▶ _Instructions for the task_
Only lines that contain the string "mvertex" should be returned from the material below.

▶ _Record excerpts_
◆ ◆ ◆ ◆ ◆ ◆ ◆

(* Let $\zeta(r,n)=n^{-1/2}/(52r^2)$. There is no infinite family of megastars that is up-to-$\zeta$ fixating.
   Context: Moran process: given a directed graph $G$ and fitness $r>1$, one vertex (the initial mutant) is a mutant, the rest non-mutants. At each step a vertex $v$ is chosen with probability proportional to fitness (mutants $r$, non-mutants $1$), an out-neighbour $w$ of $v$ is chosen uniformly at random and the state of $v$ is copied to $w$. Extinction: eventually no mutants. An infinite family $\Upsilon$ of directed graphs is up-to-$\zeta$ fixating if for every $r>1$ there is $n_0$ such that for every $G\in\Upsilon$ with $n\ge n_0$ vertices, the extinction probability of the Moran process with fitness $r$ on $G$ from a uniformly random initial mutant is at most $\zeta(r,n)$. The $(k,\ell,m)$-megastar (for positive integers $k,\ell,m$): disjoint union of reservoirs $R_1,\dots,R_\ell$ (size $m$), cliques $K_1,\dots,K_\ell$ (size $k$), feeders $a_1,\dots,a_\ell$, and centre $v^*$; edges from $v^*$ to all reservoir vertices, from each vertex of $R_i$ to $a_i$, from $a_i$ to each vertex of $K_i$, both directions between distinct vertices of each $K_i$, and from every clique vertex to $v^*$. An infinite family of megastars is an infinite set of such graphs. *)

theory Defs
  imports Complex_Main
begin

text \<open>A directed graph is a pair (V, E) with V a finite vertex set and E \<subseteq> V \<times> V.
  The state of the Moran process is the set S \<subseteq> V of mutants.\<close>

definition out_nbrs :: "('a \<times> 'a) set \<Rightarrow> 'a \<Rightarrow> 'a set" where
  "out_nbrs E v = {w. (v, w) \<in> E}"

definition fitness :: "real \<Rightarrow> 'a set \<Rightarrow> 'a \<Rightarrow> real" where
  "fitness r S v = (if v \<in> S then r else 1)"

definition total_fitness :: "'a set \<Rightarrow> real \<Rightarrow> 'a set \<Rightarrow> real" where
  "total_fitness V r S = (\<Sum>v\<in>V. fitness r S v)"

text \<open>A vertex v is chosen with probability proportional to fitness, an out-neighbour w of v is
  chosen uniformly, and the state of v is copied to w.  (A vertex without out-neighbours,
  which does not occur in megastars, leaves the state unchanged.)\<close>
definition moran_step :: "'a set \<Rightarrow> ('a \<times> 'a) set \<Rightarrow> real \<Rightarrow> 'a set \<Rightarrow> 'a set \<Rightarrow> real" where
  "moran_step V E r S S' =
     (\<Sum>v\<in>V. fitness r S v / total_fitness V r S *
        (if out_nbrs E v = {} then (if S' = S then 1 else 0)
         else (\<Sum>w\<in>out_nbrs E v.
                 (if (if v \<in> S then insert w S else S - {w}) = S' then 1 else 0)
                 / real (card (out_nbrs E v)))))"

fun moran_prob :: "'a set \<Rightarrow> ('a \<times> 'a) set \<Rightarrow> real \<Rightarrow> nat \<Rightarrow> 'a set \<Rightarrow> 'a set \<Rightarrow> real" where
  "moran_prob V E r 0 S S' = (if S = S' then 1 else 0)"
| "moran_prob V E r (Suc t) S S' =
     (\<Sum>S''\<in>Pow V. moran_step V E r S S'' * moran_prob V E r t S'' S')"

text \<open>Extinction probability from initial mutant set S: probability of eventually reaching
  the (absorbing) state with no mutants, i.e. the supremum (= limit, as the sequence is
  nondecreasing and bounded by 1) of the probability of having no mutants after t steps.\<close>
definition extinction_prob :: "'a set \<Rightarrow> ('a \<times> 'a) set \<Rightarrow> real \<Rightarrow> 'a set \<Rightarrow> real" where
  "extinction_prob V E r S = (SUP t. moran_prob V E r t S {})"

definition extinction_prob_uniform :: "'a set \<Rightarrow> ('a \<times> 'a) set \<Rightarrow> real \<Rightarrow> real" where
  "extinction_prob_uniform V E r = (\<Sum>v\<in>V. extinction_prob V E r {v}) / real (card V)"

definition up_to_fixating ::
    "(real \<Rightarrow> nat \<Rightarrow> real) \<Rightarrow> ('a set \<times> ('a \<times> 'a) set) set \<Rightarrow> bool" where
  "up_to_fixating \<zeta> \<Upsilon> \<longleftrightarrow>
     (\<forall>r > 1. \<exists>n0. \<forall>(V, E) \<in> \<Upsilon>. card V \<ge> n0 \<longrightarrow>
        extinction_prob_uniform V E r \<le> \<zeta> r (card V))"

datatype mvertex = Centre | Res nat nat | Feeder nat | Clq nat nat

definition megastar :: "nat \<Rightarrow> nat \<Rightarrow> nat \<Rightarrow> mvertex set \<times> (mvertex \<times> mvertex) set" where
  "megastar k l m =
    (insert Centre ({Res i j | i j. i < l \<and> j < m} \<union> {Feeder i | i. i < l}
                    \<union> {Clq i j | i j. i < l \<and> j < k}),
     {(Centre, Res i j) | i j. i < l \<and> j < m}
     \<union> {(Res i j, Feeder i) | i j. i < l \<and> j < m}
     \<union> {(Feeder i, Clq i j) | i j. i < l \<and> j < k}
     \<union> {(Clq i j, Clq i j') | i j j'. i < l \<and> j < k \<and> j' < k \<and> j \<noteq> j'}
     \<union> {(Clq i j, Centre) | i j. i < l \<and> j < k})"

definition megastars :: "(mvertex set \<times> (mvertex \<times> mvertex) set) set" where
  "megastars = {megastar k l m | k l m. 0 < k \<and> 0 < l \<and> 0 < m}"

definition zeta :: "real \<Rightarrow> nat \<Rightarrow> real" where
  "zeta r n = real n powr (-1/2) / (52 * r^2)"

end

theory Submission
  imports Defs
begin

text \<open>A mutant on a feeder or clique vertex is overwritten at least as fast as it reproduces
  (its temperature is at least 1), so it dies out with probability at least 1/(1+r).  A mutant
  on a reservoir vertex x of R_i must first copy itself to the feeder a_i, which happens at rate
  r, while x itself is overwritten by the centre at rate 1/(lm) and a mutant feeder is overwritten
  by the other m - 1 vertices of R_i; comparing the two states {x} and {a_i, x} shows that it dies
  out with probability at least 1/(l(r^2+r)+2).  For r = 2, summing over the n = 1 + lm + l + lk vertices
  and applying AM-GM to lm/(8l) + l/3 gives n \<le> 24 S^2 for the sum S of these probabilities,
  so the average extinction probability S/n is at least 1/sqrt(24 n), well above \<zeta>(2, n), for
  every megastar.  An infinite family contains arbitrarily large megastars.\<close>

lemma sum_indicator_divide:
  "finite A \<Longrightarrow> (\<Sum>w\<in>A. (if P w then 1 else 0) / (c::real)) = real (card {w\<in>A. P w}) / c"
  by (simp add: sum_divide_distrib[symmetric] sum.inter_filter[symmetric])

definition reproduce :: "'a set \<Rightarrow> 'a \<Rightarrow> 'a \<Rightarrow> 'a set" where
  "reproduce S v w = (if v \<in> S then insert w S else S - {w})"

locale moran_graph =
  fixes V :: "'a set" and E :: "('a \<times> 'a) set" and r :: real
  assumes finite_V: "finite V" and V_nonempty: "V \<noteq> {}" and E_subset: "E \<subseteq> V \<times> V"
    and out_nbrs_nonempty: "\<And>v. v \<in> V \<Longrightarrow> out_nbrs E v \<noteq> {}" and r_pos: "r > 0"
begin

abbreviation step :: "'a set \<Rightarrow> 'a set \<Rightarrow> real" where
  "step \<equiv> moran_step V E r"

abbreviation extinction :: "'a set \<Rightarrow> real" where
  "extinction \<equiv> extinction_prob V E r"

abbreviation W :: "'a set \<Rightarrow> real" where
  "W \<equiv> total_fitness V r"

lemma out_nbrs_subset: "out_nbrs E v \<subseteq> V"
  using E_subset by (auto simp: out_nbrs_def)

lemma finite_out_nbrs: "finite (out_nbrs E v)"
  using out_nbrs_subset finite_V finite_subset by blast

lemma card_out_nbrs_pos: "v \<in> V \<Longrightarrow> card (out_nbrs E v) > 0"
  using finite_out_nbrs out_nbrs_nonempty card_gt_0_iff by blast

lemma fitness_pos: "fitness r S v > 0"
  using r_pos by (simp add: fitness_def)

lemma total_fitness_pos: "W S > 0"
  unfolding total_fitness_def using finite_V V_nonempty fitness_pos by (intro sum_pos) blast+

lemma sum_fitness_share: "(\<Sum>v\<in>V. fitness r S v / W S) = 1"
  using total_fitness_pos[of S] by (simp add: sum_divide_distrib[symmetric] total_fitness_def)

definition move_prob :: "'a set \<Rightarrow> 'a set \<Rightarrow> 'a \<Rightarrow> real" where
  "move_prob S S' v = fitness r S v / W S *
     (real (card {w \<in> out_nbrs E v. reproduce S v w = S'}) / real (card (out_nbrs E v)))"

◆ ◆ ◆ ◆ ◆ ◆ ◆

▶ _Reply_
datatype mvertex = Centre | Res nat nat | Feeder nat | Clq nat nat
definition megastar :: "nat \<Rightarrow> nat \<Rightarrow> nat \<Rightarrow> mvertex set \<times> (mvertex \<times> mvertex) set" where
definition megastars :: "(mvertex set \<times> (mvertex \<times> mvertex) set) set" where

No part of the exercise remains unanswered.